Glioblastoma multiforme (GBM) poses significant challenges due to its aggressiveness and resistance to standard therapies, necessitating novel treatments. This study evaluates the anticancer potential of flavonoids isolated from Pistacia chinensis against the glioblastoma U87 cell line. Two flavonoids, 2-(3,4-dihydroxyphenyl)-5,7-dihydroxy-4H-chromen-4-one (Compound 1) and 2-(3,4-dihydroxyphenyl)-7,8-dihydroxy-3-methoxy-4H-chromen-4-one (Compound 2), were isolated using column chromatography and analyzed through in silico techniques, including molecular docking, density functional theory (DFT), and pharmacokinetic profiling. In vitro studies revealed dose- and time-dependent cytotoxicity, with Compound 1 demonstrating higher activity, reducing U87 cell viability by up to 70.11% after 48 h at 75 μg/mL. Molecular docking demonstrated its strong binding affinity to mTOR (−10.391 kcal/mol), while DFT confirmed its structural stability.

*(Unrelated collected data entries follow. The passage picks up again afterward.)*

lemma invTl_extension:
  assumes "abs_summable_int u" and "abs_summable_int v"
  obtains B where "ext_inside (invTl_at u v) B"
    and "(\<lambda>z. B z - (1 + z^2 * (\<Sum>\<^sub>\<infinity>k. u (k + 1) * v k))) \<in> O[at 0](\<lambda>z. z^4)"
proof -
  interpret summable_potentials u v
    using assms by unfold_locales
  show ?thesis
    using that inv_Tl_holomorphic invTl_at_inv_Tl inv_Tl_bigo unfolding ext_inside_def by blast
qed

section \<open>Inversion \<open>z \<mapsto> 1/z\<close> and reflection \<open>n \<mapsto> -n - 1\<close>\<close>

lemma power_int_one_over: "(1 / z) powi n = z powi (- n)"
  for z :: "'a::field"
  by (simp add: power_int_minus divide_inverse power_int_inverse)

lemma solves_sys_swap:
  assumes "z \<noteq> 0"
  shows "solves_sys u v z xi eta \<longleftrightarrow> solves_sys v u (1 / z) eta xi"
  using assms unfolding solves_sys_def by (simp add: field_simps conj_commute)

lemma jost_psibar_iff_jost_psi:
  assumes "z \<noteq> 0"
  shows "jost_psibar u v z xi eta \<longleftrightarrow> jost_psi v u (1 / z) eta xi"
  unfolding jost_psibar_def jost_psi_def solves_sys_swap[OF assms] power_int_one_over by auto

lemma jost_phibar_iff_jost_phi:
  assumes "z \<noteq> 0"
  shows "jost_phibar u v z xi eta \<longleftrightarrow> jost_phi v u (1 / z) eta xi"
  unfolding jost_phibar_def jost_phi_def solves_sys_swap[OF assms] power_int_one_over by auto

lemma invTlbar_at_iff_invTl_at:
  assumes "z \<noteq> 0"
  shows "invTlbar_at u v z c \<longleftrightarrow> invTl_at v u (1 / z) c"
  unfolding invTlbar_at_def invTl_at_def jost_psibar_iff_jost_psi[OF assms] power_int_one_over
  by blast

lemma invTrbar_at_iff_invTr_at:
  assumes "z \<noteq> 0"
  shows "invTrbar_at u v z c \<longleftrightarrow> invTr_at v u (1 / z) c"
  unfolding invTrbar_at_def invTr_at_def jost_phibar_iff_jost_phi[OF assms] power_int_one_over
  by auto

definition reflect :: "(int \<Rightarrow> 'a::ab_group_add) \<Rightarrow> int \<Rightarrow> 'a" where
  "reflect p n = - p (- n - 1)"

lemma abs_summable_int_reflect:
  fixes p :: "int \<Rightarrow> 'a::real_normed_vector"
  assumes "abs_summable_int p"
  shows "abs_summable_int (reflect p)"
proof -
  have "summable (\<lambda>j. norm (p (- int j - 1)))"
    using assms unfolding abs_summable_int_def
    by (intro summable_shift_neg[of "\<lambda>k. norm (p k)"]) simp
  moreover have "(\<lambda>j. norm (reflect p (- int (Suc j)))) = (\<lambda>j. norm (p (int j)))"
    by (simp add: reflect_def)
  then have "summable (\<lambda>j. norm (reflect p (- int j)))"
    using assms summable_Suc_iff[of "\<lambda>j. norm (reflect p (- int j))"]
    unfolding abs_summable_int_def by simp
  ultimately show ?thesis
    unfolding abs_summable_int_def by (simp add: reflect_def)
qed

lemma infsum_reflect:
  "(\<Sum>\<^sub>\<infinity>k. reflect p (k + 1) * reflect q k) = (\<Sum>\<^sub>\<infinity>k. q (k + 1) * p k)"
  for p q :: "int \<Rightarrow> 'a::{comm_ring, t2_space}"
proof -
  define h :: "int \<Rightarrow> int" where "h k = - k - 2" for k
  have "inj h"
    unfolding h_def inj_on_def by simp
  moreover have "range h = UNIV"
    unfolding h_def by (auto simp: image_iff intro!: exI[of _ "- x - 2" for x])
  ultimately have "(\<Sum>\<^sub>\<infinity>k. q (k + 1) * p k) = (\<Sum>\<^sub>\<infinity>k. q (h k + 1) * p (h k))"
    using infsum_reindex[of h UNIV "\<lambda>k. q (k + 1) * p k"] by (simp add: o_def)
  also have "\<dots> = (\<Sum>\<^sub>\<infinity>k. reflect p (k + 1) * reflect q k)"
    unfolding reflect_def h_def by (simp add: algebra_simps)
  finally show ?thesis ..
qed

lemma Dinf_commute: "Dinf v u = Dinf u v"
  unfolding Dinf_def by (simp add: mult.commute)

text \<open>One step of the reflected system, solved for the original one; this is where
  \<open>1 - u v \<noteq> 0\<close> is needed.\<close>
lemma reflected_step_inverse:
  fixes z d u v x y x' y' :: complex
  assumes "z \<noteq> 0" and d: "d = 1 - u * v" "d \<noteq> 0"
    and x: "d * x' = (x - u * z^2 * y) / z" and y: "d * z * y' = z^2 * y - v * x"
  shows "x = z * x' + z * u * y'" and "y = v * x' / z + y' / z"
proof -
  have x1: "x = d * z * x' + u * (z^2 * y)"
    using x \<open>z \<noteq> 0\<close> by (simp add: field_simps power2_eq_square)
  have y1: "z^2 * y - v * x = d * z * y'"
    using y by simp
  have "d * x = x - u * v * x"
    by (simp add: d(1) algebra_simps)
  also have "\<dots> = d * z * x' + u * (z^2 * y - v * x)"
    using x1 by (simp add: algebra_simps)
  also have "\<dots> = d * (z * x' + z * u * y')"
    unfolding y1 by (simp add: algebra_simps)
  finally show x_eq: "x = z * x' + z * u * y'"
    using d(2) by simp
  have "z * (y * z - (y' + v * x')) = 0"
    using y d(1) unfolding x_eq by (simp add: algebra_simps power2_eq_square)
  then have "y * z = y' + v * x'"
    using \<open>z \<noteq> 0\<close> by simp
  then show "y = v * x' / z + y' / z"
    using \<open>z \<noteq> 0\<close> by (simp add: field_simps)
qed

Both compounds displayed favorable absorption, distribution, metabolism, excretion, and toxicity (ADMET) profiles, supporting their potential as therapeutic candidates. These findings underscore the significant anti-GBM activity of flavonoids, particularly Compound 1, warranting further in vivo studies to explore their clinical potential as effective GBM treatments.

Graphical abstract
Keywords
Pistacia chinensis
Flavonoids
Cancer
In silico
Molecular docking
Density functional theory
ADMET
Funding
None.
Conflict of interest
Marcello Iriti is an Editorial Board Member of this journal but was not in any way involved in the editorial and peer-review process conducted for this paper, directly or indirectly. Separately, other authors declared that they have no known competing financial interests or personal relationships that could have influenced the work reported in this paper.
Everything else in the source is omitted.